Trying a first, very simple test on dask/distributed: aggregation over an hdf5 array/dataset via the distributed scheduler.

Array is created as follows:

with h5py.File('bla.h5', 'w') as f:
    f.create_dataset('mydata', data=np.random.random(size=(2**16,)), chunks=(10000,))

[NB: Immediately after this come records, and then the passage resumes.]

(* The kernel of the Hopf algebra homomorphism $\varphi:\mathrm{WCQSym}\to\mathrm{QSym}$, defined by $\varphi(M_\alpha)=(-1)^{\ell_\varepsilon(\alpha)}M_{\bar\alpha}$ if $\alpha\in\mathcal C_N$ and $\varphi(M_\alpha)=0$ if $\alpha\in\mathcal C_\varepsilon$, is the ideal of $\mathrm{WCQSym}$ generated by the set $B_\varepsilon=\{M_\alpha:\alpha\in\mathcal C_\varepsilon\}$.
   Context: $\tilde{\mathbb N}=\mathbb N\cup\{\varepsilon\}$ with $0+\varepsilon=\varepsilon+\varepsilon=\varepsilon$ and $n+\varepsilon=n$ for integers $n\ge1$. $\mathbf{k}$ is a commutative ring containing $\mathbb Q$; $\mathbf{k}[[X]]_{\tilde{\mathbb N}}$, $X=\{x_1<x_2<\cdots\}$, is the algebra of possibly infinite linear combinations of formal monomials $\prod x_i^{f(x_i)}$ with $f$ finitely supported $\tilde{\mathbb N}$-valued, multiplied by adding exponents in $\tilde{\mathbb N}$. An $\tilde{\mathbb N}$-composition is a finite (possibly empty) sequence of elements of $\{\varepsilon,1,2,\dots\}$; $M_{(\alpha_1,\dots,\alpha_k)}=\sum_{1\le i_1<\cdots<i_k}x_{i_1}^{\alpha_1}\cdots x_{i_k}^{\alpha_k}$, $M_\emptyset=1$. $\mathrm{WCQSym}$ is the $\mathbf k$-span of all $M_\alpha$ (a Hopf algebra with deconcatenation coproduct $\Delta(M_{(\alpha_1,\dots,\alpha_k)})=\sum_{i=0}^kM_{(\alpha_1,\dots,\alpha_i)}\otimes M_{(\alpha_{i+1},\dots,\alpha_k)}$ and counit $\epsilon(M_\alpha)=\delta_{\alpha,\emptyset}$), and $\mathrm{QSym}$ the Hopf subalgebra spanned by the $M_\alpha$ with all entries positive integers. $\ell_\varepsilon(\alpha)$ is the number of entries equal to $\varepsilon$, $\bar\alpha$ is $\alpha$ with its $\varepsilon$ entries deleted. $\mathcal C_\varepsilon$ is the set of $\tilde{\mathbb N}$-compositions with first entry $\varepsilon$, $\mathcal C_N$ the set of all others (including the empty one). *)

theory Defs
  imports Main
begin

text \<open>The extended naturals Ntilde = N with an extra element eps.
  Nt 0 is the integer 0, Nt n the integer n, Eps is epsilon.\<close>
datatype ntil = Eps | Nt nat

fun tadd :: "ntil \<Rightarrow> ntil \<Rightarrow> ntil" where
  "tadd (Nt a) (Nt b) = Nt (a + b)"
| "tadd Eps Eps = Eps"
| "tadd (Nt n) Eps = (if n = 0 then Eps else Nt n)"
| "tadd Eps (Nt n) = (if n = 0 then Eps else Nt n)"

text \<open>Formal monomials: exponent functions on the variables x_0 < x_1 < ... (indexed by nat)
  with finite support.  Power series: coefficient functions on exponent functions
  (coefficients off genuine monomials are kept 0 by all constructions below).\<close>
type_synonym 'k ser = "(nat \<Rightarrow> ntil) \<Rightarrow> 'k"

definition is_mono :: "(nat \<Rightarrow> ntil) \<Rightarrow> bool" where
  "is_mono f \<longleftrightarrow> finite {i. f i \<noteq> Nt 0}"

definition szero :: "'k::comm_ring_1 ser" where
  "szero = (\<lambda>h. 0)"

definition sadd :: "'k::comm_ring_1 ser \<Rightarrow> 'k ser \<Rightarrow> 'k ser" where
  "sadd A B = (\<lambda>h. A h + B h)"

definition sscale :: "'k::comm_ring_1 \<Rightarrow> 'k ser \<Rightarrow> 'k ser" where
  "sscale c A = (\<lambda>h. c * A h)"

definition smult :: "'k::comm_ring_1 ser \<Rightarrow> 'k ser \<Rightarrow> 'k ser" where
  "smult A B = (\<lambda>h. if is_mono h then
      (\<Sum>p\<in>{(f, g). is_mono f \<and> is_mono g \<and> (\<forall>i. tadd (f i) (g i) = h i)}.
          A (fst p) * B (snd p))
    else 0)"

definition is_comp :: "ntil list \<Rightarrow> bool" where
  "is_comp \<alpha> \<longleftrightarrow> Nt 0 \<notin> set \<alpha>"

definition nzvals :: "(nat \<Rightarrow> ntil) \<Rightarrow> ntil list" where
  "nzvals f = map f (sorted_list_of_set {i. f i \<noteq> Nt 0})"

text \<open>Monomial quasisymmetric function M_alpha = sum over i_1<...<i_k of
  x_{i_1}^{alpha_1} ... x_{i_k}^{alpha_k}; M_[] = 1.\<close>
definition Mser :: "ntil list \<Rightarrow> 'k::comm_ring_1 ser" where
  "Mser \<alpha> = (\<lambda>h. if is_mono h \<and> nzvals h = \<alpha> then 1 else 0)"

definition WCQSym :: "'k::comm_ring_1 ser set" where
  "WCQSym = {x. \<exists>S c. finite S \<and> (\<forall>\<alpha>\<in>S. is_comp \<alpha>) \<and>
                       x = (\<lambda>h. \<Sum>\<alpha>\<in>S. c \<alpha> * Mser \<alpha> h)}"

definition C_eps :: "ntil list set" where
  "C_eps = {\<alpha>. is_comp \<alpha> \<and> \<alpha> \<noteq> [] \<and> hd \<alpha> = Eps}"

definition C_N :: "ntil list set" where
  "C_N = {\<alpha>. is_comp \<alpha> \<and> (\<alpha> = [] \<or> hd \<alpha> \<noteq> Eps)}"

definition ell_eps :: "ntil list \<Rightarrow> nat" where
  "ell_eps \<alpha> = length (filter (\<lambda>a. a = Eps) \<alpha>)"

definition bar :: "ntil list \<Rightarrow> ntil list" where
  "bar \<alpha> = filter (\<lambda>a. a \<noteq> Eps) \<alpha>"

definition gen_ideal :: "'k::comm_ring_1 ser set \<Rightarrow> 'k ser set \<Rightarrow> 'k ser set" where
  "gen_ideal A B = \<Inter> {I. I \<subseteq> A \<and> B \<subseteq> I \<and> szero \<in> I \<and>
      (\<forall>x\<in>I. \<forall>y\<in>I. sadd x y \<in> I) \<and> (\<forall>a\<in>A. \<forall>x\<in>I. smult a x \<in> I)}"

end

theory Submission
  imports Defs
begin

text \<open>
  Elements of WCQSym are encoded by their finitely supported coefficient functions on
  compositions; multiplication becomes the quasi-shuffle product, in which two first letters
  may merge via \<open>tadd\<close>.  On coefficients, \<open>\<phi>\<close> deletes the \<open>\<epsilon>\<close>'s with sign
  \<open>(-1)\<^bsup>\<ell>\<^sub>\<epsilon>\<^esup>\<close> and kills compositions starting with \<open>\<epsilon>\<close>; a direct computation on
  quasi-shuffles shows that this is multiplicative, so the kernel is an ideal containing \<open>B\<^sub>\<epsilon>\<close>.
  Conversely, if \<open>\<alpha> = u \<epsilon> w\<close> with \<open>u\<close> free of \<open>\<epsilon>\<close>, then \<open>M\<^sub>u M\<^bsub>\<epsilon>w\<^esub>\<close> lies in the ideal
  and equals \<open>M\<^sub>\<alpha>\<close> plus terms with fewer \<open>\<epsilon>\<close>'s or an earlier first \<open>\<epsilon>\<close>.  By induction
  every element of WCQSym is congruent modulo the ideal to some \<open>q \<in> QSym\<close>, and if it lies
  in the kernel then \<open>q = \<phi> q = 0\<close>.
\<close>

section \<open>Products of series via coefficients on compositions\<close>

lemma tadd_eq_zero_iff: "tadd p q = Nt 0 \<longleftrightarrow> p = Nt 0 \<and> q = Nt 0"
  by (cases p; cases q) auto
theorem lemma3p1:
  fixes \<psi> \<phi> :: "(real^'n) \<times> (real^'n) \<Rightarrow> real" and lam :: real and i j :: 'n
  assumes smooth: "smooth_on (UNIV \<times> (UNIV - {0})) \<psi>"
    and homog: "\<And>x \<xi> c. \<xi> \<noteq> 0 \<Longrightarrow> c > 0 \<Longrightarrow> \<psi> (x, c *\<^sub>R \<xi>) = c powr lam * \<psi> (x, \<xi>)"
    and transl: "\<And>x \<xi> \<tau>. \<xi> \<noteq> 0 \<Longrightarrow> \<psi> (x + \<tau> *\<^sub>R \<xi>, \<xi>) = \<psi> (x, \<xi>)"
    and restr: "\<And>p. p \<in> TS \<Longrightarrow> \<phi> p = \<psi> p"
  shows "\<forall>p \<in> TS. John i j \<psi> p =
           calJ i j \<phi> p - (lam + 1) * ((snd p $ i) * Xop j \<phi> p - (snd p $ j) * Xop i \<phi> p)"
proof
  fix p :: "(real^'n) \<times> (real^'n)"
  assume "p \<in> TS"
  interpret TS_restriction \<psi> lam \<phi>
    by unfold_locales (fact smooth homog transl restr)+
  show "John i j \<psi> p =
          calJ i j \<phi> p - (lam + 1) * ((snd p $ i) * Xop j \<phi> p - (snd p $ j) * Xop i \<phi> p)"
    using \<open>p \<in> TS\<close>
    by (simp add: John_def calJ_def Xop_restriction Xop_Xiop_restriction algebra_simps)
qed

end
(* Let $\mathcal G$ be a topological $2$-group and $X$ a topological space. Let $c$ be a $\mathcal G$-valued Čech cocycle subordinate to an open cover $\mathcal U$ of $X$ and let $d$ be a $\mathcal G$-valued Čech cocycle subordinate to a refinement $\mathcal V$ of $\mathcal U$. Then any $\mathcal G$-bundle morphism $\pi_d\to\pi_c$ decomposes as a composition $\pi_d\to\pi_{c_{|\mathcal V}}\to\pi_c$ of $\mathcal G$-bundle morphisms, where $c_{|\mathcal V}$ is a restriction of $c$ to $\mathcal V$.
   Context: Topological $2$-group $\mathcal G=(\mathcal G_1\rightrightarrows\mathcal G_0)$, $\mathcal E=\mathrm{Ker}(s)$, ${}^xe=1_xe1_{x^{-1}}$. A $\mathcal G$-valued Čech cocycle subordinate to $\mathcal U=\{U_i\}_{i\in I}$ is $c=(\mathbf x,\mathbf e)$ with continuous $\mathbf x_{ij}\colon U_i\cap U_j\to\mathcal G_0$, $\mathbf e_{ijk}\colon U_i\cap U_j\cap U_k\to\mathcal E$, satisfying $t(\mathbf e_{ijk})\mathbf x_{ij}\mathbf x_{jk}=\mathbf x_{ik}$ and $\mathbf e_{ikl}\mathbf e_{ijk}=\mathbf e_{ijl}\,{}^{\mathbf x_{ij}}\mathbf e_{jkl}$. For $\mathcal V=\{V_a\}_{a\in A}$ and a refinement map $\alpha\colon A\to I$ ($V_a\subset U_{\alpha(a)}$), $c_{|\mathcal V,\alpha}$ has components $\mathbf x_{\alpha(a)\alpha(b)}$, $\mathbf e_{\alpha(a)\alpha(b)\alpha(c)}$ restricted. $\pi_c\colon P_c\to\overline X$ denotes the principal $\mathcal G$-bundle with objects $(u,x)_i\in\coprod_iU_i\times\mathcal G_0$, morphisms $(v,g)_{ij}\in\coprod_{i,j}(U_i\cap U_j)\times\mathcal G_1$, $s((v,g)_{ij})=(v,s(g))_i$, $t((v,g)_{ij})=(v,\mathbf x_{ij}(v)^{-1}t(g))_j$, $(v,g)_{ij}*(v,h)_{jk}=(v,\mathbf e_{ijk}(v)(g*(1_{\mathbf x_{ij}(v)}h)))_{ik}$ ($g*h=h1_{t(g)^{-1}}g$), right $\mathcal G$-action by right multiplication, projection to $X$. A $\mathcal G$-bundle morphism $\pi\to\pi'$ is a $\mathcal G$-equivariant continuous functor $f$ with $\pi'f=\pi$. *)

theory Defs
  imports "HOL-Analysis.Analysis"
begin

text \<open>The groups G0 (objects) and G1 (morphisms) of the topological 2-group
are the (not necessarily commutative) topological groups given by the types 'g0 and 'g1
(class topological_group_add; the group law is written additively, so the paper's x y
becomes x + y, x^{-1} becomes - x, and the unit 1 becomes 0).
s, t :: G1 -> G0 are source and target, u :: G0 -> G1 is the identity map x |-> 1_x.\<close>

text \<open>Composition g * h (first g, then h) = h 1_{t(g)^{-1}} g.\<close>
definition comp2 :: "('g1::group_add \<Rightarrow> 'g0::group_add) \<Rightarrow> ('g0 \<Rightarrow> 'g1) \<Rightarrow> 'g1 \<Rightarrow> 'g1 \<Rightarrow> 'g1" where
  "comp2 t u g h = h + u (- t g) + g"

Next, aggregation is run as follows:

c = Client('10.0.1.11:8786')   # connect to local scheduler
with h5py.File('bla.h5') as f:
    d = f['mydata']
    x = da.from_array(d, chunks=(10000,))
    print( x.min().compute() )

The compute call results in a serialization error:

distributed.protocol.core - CRITICAL - Failed to Serialize
Traceback (most recent call last):
  File "..../distributed/protocol/core.py", line 53, in dumps
    for key, value in data.items()
  File "..../distributed/protocol/core.py", line 54, in <dictcomp>
    if type(value) is Serialize}
  File "..../distributed/protocol/serialize.py", line 157, in serialize
    raise TypeError(msg)
TypeError: Could not serialize object of type Dataset
distributed.comm.utils - INFO - Unserializable Message: [{'op': 'update-graph', 'tasks': ............. }]
distributed.comm.utils - ERROR - Could not serialize object of type Dataset
Traceback (most recent call last):
  File "..../distributed/comm/utils.py", line 40, in _to_frames
    context=context))
  File "..../distributed/protocol/core.py", line 53, in dumps
    for key, value in data.items()
  File "..../distributed/protocol/core.py", line 54, in <dictcomp>
    if type(value) is Serialize}
  File "..../distributed/protocol/serialize.py", line 157, in serialize
    raise TypeError(msg)
TypeError: Could not serialize object of type Dataset
distributed.batched - ERROR - Error in batched write
Traceback (most recent call last):
  File "..../distributed/batched.py", line 94, in _background_send
    on_error='raise')
  File "..../tornado/gen.py", line 1133, in run
    value = future.result()
  File "..../tornado/gen.py", line 1141, in run
    yielded = self.gen.throw(*exc_info)
  File "..../distributed/comm/tcp.py", line 221, in write
    'recipient': self._peer_addr})
  File "..../tornado/gen.py", line 1133, in run
    value = future.result()
  File "..../tornado/gen.py", line 1141, in run
    yielded = self.gen.throw(*exc_info)
  File "..../distributed/comm/utils.py", line 47, in to_frames
    res = yield offload(_to_frames)
  File "..../tornado/gen.py", line 1133, in run
    value = future.result()
  File "/usr/lib/python3.6/concurrent/futures/_base.py", line 425, in result
    return self.__get_result()
  File "/usr/lib/python3.6/concurrent/futures/_base.py", line 384, in __get_result
    raise self._exception
  File "/usr/lib/python3.6/concurrent/futures/thread.py", line 56, in run
    result = self.fn(*self.args, **self.kwargs)
  File "..../distributed/comm/utils.py", line 40, in _to_frames
    context=context))
  File "..../distributed/protocol/core.py", line 53, in dumps
    for key, value in data.items()
  File "..../distributed/protocol/core.py", line 54, in <dictcomp>
    if type(value) is Serialize}
  File "..../distributed/protocol/serialize.py", line 157, in serialize
    raise TypeError(msg)
TypeError: Could not serialize object of type Dataset

I suspect something in the compute graph that is being sent around to clients (some numpy component?) is not serializable... is that possible?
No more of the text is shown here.